### To do
Word for word, please restate the lines from the beginning of the data through the line in which "- eta *\<^sub>R" appears.

Supplied data below:

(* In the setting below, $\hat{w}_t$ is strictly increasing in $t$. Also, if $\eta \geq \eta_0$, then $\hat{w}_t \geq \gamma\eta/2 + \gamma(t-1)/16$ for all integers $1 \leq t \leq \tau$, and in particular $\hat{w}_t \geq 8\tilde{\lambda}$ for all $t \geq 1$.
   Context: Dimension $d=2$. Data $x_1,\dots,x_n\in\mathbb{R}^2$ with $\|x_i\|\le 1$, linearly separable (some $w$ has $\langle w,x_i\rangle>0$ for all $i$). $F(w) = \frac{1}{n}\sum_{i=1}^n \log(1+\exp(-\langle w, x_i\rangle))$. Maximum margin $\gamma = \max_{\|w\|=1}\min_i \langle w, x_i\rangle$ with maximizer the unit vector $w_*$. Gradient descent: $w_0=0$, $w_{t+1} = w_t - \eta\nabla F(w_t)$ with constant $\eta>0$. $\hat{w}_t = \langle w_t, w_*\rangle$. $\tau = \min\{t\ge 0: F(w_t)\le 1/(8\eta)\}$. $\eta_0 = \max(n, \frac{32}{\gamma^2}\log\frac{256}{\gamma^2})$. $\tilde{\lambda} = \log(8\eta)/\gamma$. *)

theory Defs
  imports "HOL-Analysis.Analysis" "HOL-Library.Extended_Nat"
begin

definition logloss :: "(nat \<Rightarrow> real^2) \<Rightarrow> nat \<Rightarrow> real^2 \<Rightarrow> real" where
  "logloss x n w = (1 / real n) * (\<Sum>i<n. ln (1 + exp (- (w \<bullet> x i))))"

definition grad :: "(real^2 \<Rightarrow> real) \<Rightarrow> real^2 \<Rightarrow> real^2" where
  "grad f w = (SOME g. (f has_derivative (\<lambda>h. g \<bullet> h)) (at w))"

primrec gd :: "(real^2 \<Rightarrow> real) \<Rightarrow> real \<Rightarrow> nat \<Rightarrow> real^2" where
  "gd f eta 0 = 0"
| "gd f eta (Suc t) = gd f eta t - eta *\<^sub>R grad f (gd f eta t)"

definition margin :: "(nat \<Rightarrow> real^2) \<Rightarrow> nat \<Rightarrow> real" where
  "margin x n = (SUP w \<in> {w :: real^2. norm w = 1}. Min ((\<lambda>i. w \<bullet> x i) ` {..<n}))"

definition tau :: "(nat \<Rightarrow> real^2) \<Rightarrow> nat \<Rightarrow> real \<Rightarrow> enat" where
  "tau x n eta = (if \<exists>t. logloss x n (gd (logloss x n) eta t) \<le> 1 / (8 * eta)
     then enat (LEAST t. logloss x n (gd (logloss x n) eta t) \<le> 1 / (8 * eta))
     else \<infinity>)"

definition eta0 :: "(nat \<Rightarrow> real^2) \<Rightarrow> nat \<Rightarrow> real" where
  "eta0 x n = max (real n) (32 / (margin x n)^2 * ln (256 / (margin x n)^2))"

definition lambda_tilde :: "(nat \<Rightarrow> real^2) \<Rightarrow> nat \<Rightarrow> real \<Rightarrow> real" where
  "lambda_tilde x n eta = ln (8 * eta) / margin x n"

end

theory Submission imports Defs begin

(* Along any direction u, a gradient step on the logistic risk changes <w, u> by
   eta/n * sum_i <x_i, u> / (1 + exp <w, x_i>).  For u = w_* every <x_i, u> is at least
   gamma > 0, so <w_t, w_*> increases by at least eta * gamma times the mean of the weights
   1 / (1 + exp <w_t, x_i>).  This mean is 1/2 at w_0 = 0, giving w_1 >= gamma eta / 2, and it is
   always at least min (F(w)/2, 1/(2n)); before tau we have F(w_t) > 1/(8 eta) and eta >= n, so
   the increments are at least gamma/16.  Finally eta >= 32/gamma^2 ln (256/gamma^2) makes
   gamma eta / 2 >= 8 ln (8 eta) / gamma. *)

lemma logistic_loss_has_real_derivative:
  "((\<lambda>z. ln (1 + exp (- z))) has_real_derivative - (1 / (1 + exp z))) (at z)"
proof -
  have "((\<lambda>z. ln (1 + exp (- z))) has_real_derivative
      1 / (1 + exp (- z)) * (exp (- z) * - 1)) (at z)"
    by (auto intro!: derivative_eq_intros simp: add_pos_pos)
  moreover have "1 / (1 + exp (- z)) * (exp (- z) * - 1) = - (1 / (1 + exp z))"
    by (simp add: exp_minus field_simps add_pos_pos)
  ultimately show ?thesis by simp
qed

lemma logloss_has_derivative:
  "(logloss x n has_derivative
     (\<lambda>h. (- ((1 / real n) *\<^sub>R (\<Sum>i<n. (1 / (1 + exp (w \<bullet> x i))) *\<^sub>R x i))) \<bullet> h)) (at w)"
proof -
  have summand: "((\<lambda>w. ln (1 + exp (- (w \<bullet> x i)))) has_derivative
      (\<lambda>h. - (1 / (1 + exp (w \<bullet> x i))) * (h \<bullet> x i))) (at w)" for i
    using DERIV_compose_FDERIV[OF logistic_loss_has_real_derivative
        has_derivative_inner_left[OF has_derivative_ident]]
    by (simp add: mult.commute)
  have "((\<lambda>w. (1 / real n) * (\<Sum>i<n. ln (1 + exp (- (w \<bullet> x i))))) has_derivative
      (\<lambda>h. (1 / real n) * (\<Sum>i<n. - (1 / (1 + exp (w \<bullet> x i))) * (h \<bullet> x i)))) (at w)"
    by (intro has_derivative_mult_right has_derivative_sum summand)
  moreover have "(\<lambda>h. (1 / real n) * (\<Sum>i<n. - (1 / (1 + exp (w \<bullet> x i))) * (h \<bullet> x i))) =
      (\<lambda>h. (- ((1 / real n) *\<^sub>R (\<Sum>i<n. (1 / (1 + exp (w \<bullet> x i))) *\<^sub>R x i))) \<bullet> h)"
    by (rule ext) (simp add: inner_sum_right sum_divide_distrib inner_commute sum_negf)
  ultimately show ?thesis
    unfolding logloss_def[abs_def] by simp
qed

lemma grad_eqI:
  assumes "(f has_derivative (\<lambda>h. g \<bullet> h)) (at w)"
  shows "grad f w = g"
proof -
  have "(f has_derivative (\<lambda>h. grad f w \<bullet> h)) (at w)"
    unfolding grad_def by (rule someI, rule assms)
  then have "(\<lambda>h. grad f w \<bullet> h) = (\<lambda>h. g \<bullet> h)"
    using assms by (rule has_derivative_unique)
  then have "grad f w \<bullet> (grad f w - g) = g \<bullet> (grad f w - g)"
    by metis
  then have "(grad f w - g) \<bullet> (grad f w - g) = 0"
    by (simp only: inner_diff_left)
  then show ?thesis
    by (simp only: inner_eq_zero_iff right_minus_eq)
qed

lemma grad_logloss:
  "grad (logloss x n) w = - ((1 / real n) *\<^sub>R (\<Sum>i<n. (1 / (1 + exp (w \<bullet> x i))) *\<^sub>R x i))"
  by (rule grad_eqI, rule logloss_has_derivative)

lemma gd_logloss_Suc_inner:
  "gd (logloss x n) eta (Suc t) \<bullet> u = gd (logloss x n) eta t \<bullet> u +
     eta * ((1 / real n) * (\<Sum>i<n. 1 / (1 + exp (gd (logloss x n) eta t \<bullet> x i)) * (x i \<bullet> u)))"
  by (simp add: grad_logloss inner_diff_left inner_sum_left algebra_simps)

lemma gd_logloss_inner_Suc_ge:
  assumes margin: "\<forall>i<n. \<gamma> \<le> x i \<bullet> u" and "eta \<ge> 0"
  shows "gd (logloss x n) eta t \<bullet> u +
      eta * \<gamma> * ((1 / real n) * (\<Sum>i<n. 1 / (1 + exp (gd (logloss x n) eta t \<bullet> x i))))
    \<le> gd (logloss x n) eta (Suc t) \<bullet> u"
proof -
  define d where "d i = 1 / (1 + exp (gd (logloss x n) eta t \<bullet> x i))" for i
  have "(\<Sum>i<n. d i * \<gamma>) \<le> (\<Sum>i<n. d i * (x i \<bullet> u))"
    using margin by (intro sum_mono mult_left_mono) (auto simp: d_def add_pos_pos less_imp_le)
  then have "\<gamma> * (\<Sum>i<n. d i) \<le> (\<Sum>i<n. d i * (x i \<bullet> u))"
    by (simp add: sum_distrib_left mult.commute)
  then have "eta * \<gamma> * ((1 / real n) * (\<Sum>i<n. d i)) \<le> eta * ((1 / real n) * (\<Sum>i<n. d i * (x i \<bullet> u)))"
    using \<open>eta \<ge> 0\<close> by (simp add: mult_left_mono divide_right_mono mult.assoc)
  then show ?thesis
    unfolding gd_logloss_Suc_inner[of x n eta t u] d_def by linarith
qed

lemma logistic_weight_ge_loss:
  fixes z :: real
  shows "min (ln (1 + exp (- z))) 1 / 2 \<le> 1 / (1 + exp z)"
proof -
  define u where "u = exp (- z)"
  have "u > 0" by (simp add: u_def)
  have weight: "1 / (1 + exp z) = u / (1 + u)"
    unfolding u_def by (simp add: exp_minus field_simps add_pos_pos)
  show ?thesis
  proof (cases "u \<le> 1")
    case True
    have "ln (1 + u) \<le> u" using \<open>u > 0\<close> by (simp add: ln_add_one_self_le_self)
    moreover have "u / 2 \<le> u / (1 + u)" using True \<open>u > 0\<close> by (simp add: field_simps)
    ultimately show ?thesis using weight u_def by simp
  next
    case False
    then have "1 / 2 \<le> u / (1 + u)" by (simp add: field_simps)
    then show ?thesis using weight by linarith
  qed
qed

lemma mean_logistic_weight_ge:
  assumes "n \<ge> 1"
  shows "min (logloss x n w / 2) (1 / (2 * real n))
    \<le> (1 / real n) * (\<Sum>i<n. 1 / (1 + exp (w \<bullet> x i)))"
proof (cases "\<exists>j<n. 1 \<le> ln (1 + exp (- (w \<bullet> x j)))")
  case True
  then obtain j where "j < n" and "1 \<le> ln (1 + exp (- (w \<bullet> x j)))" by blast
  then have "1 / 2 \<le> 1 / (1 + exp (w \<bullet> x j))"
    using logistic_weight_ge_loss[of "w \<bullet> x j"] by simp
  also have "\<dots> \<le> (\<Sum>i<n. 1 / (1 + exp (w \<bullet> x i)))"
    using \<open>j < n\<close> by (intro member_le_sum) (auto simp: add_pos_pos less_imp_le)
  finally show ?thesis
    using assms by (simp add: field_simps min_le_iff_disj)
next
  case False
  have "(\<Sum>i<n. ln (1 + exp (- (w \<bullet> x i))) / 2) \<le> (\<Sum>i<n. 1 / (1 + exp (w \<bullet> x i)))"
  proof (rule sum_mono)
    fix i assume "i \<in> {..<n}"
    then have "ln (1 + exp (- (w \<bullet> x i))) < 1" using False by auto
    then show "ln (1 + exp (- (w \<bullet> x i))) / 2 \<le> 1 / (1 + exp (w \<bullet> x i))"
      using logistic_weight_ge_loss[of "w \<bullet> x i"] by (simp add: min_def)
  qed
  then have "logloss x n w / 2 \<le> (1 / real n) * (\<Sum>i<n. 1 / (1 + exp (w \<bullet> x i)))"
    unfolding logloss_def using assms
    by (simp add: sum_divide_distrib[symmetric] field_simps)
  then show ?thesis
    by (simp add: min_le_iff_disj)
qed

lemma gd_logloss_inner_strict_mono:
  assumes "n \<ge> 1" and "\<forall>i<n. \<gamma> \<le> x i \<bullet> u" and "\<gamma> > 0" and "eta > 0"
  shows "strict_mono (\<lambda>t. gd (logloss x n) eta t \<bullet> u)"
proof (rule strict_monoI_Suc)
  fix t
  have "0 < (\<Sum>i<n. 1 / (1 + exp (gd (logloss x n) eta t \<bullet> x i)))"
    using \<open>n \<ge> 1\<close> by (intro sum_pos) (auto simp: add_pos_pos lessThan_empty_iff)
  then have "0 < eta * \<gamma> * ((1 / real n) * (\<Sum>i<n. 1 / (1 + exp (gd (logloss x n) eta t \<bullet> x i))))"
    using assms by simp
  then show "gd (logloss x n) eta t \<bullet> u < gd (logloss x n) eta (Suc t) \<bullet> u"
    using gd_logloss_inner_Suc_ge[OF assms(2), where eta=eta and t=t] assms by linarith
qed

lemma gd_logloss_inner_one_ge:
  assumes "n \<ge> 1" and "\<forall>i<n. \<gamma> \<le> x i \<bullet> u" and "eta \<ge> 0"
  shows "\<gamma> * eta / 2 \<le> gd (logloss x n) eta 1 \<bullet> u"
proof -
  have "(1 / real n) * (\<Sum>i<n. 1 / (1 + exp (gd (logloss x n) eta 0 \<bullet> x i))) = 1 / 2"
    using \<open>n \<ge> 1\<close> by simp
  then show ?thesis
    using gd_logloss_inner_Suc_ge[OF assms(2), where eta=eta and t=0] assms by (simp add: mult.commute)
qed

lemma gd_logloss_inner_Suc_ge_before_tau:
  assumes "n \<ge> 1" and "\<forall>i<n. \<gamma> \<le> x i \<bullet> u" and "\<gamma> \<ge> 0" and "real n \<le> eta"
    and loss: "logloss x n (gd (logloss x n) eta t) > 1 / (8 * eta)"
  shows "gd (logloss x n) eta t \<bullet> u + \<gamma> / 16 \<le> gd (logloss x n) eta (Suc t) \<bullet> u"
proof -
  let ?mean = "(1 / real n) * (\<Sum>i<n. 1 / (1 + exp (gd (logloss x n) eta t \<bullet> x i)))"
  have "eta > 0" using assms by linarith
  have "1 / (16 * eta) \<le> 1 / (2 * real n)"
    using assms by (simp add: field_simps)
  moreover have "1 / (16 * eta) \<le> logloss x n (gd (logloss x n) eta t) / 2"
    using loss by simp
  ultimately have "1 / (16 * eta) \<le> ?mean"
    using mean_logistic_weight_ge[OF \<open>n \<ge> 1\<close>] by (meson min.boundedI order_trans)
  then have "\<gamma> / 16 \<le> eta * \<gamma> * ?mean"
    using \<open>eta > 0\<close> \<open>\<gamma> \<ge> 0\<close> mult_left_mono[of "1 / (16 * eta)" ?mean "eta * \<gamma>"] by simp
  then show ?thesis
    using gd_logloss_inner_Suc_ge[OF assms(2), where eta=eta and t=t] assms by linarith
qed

End of Supplied data.

### Result for this task
(* In the setting below, $\hat{w}_t$ is strictly increasing in $t$. Also, if $\eta \geq \eta_0$, then $\hat{w}_t \geq \gamma\eta/2 + \gamma(t-1)/16$ for all integers $1 \leq t \leq \tau$, and in particular $\hat{w}_t \geq 8\tilde{\lambda}$ for all $t \geq 1$.
   Context: Dimension $d=2$. Data $x_1,\dots,x_n\in\mathbb{R}^2$ with $\|x_i\|\le 1$, linearly separable (some $w$ has $\langle w,x_i\rangle>0$ for all $i$). $F(w) = \frac{1}{n}\sum_{i=1}^n \log(1+\exp(-\langle w, x_i\rangle))$. Maximum margin $\gamma = \max_{\|w\|=1}\min_i \langle w, x_i\rangle$ with maximizer the unit vector $w_*$. Gradient descent: $w_0=0$, $w_{t+1} = w_t - \eta\nabla F(w_t)$ with constant $\eta>0$. $\hat{w}_t = \langle w_t, w_*\rangle$. $\tau = \min\{t\ge 0: F(w_t)\le 1/(8\eta)\}$. $\eta_0 = \max(n, \frac{32}{\gamma^2}\log\frac{256}{\gamma^2})$. $\tilde{\lambda} = \log(8\eta)/\gamma$. *)

theory Defs
  imports "HOL-Analysis.Analysis" "HOL-Library.Extended_Nat"
begin

definition logloss :: "(nat \<Rightarrow> real^2) \<Rightarrow> nat \<Rightarrow> real^2 \<Rightarrow> real" where
  "logloss x n w = (1 / real n) * (\<Sum>i<n. ln (1 + exp (- (w \<bullet> x i))))"

definition grad :: "(real^2 \<Rightarrow> real) \<Rightarrow> real^2 \<Rightarrow> real^2" where
  "grad f w = (SOME g. (f has_derivative (\<lambda>h. g \<bullet> h)) (at w))"

primrec gd :: "(real^2 \<Rightarrow> real) \<Rightarrow> real \<Rightarrow> nat \<Rightarrow> real^2" where
  "gd f eta 0 = 0"
| "gd f eta (Suc t) = gd f eta t - eta *\<^sub>R grad f (gd f eta t)"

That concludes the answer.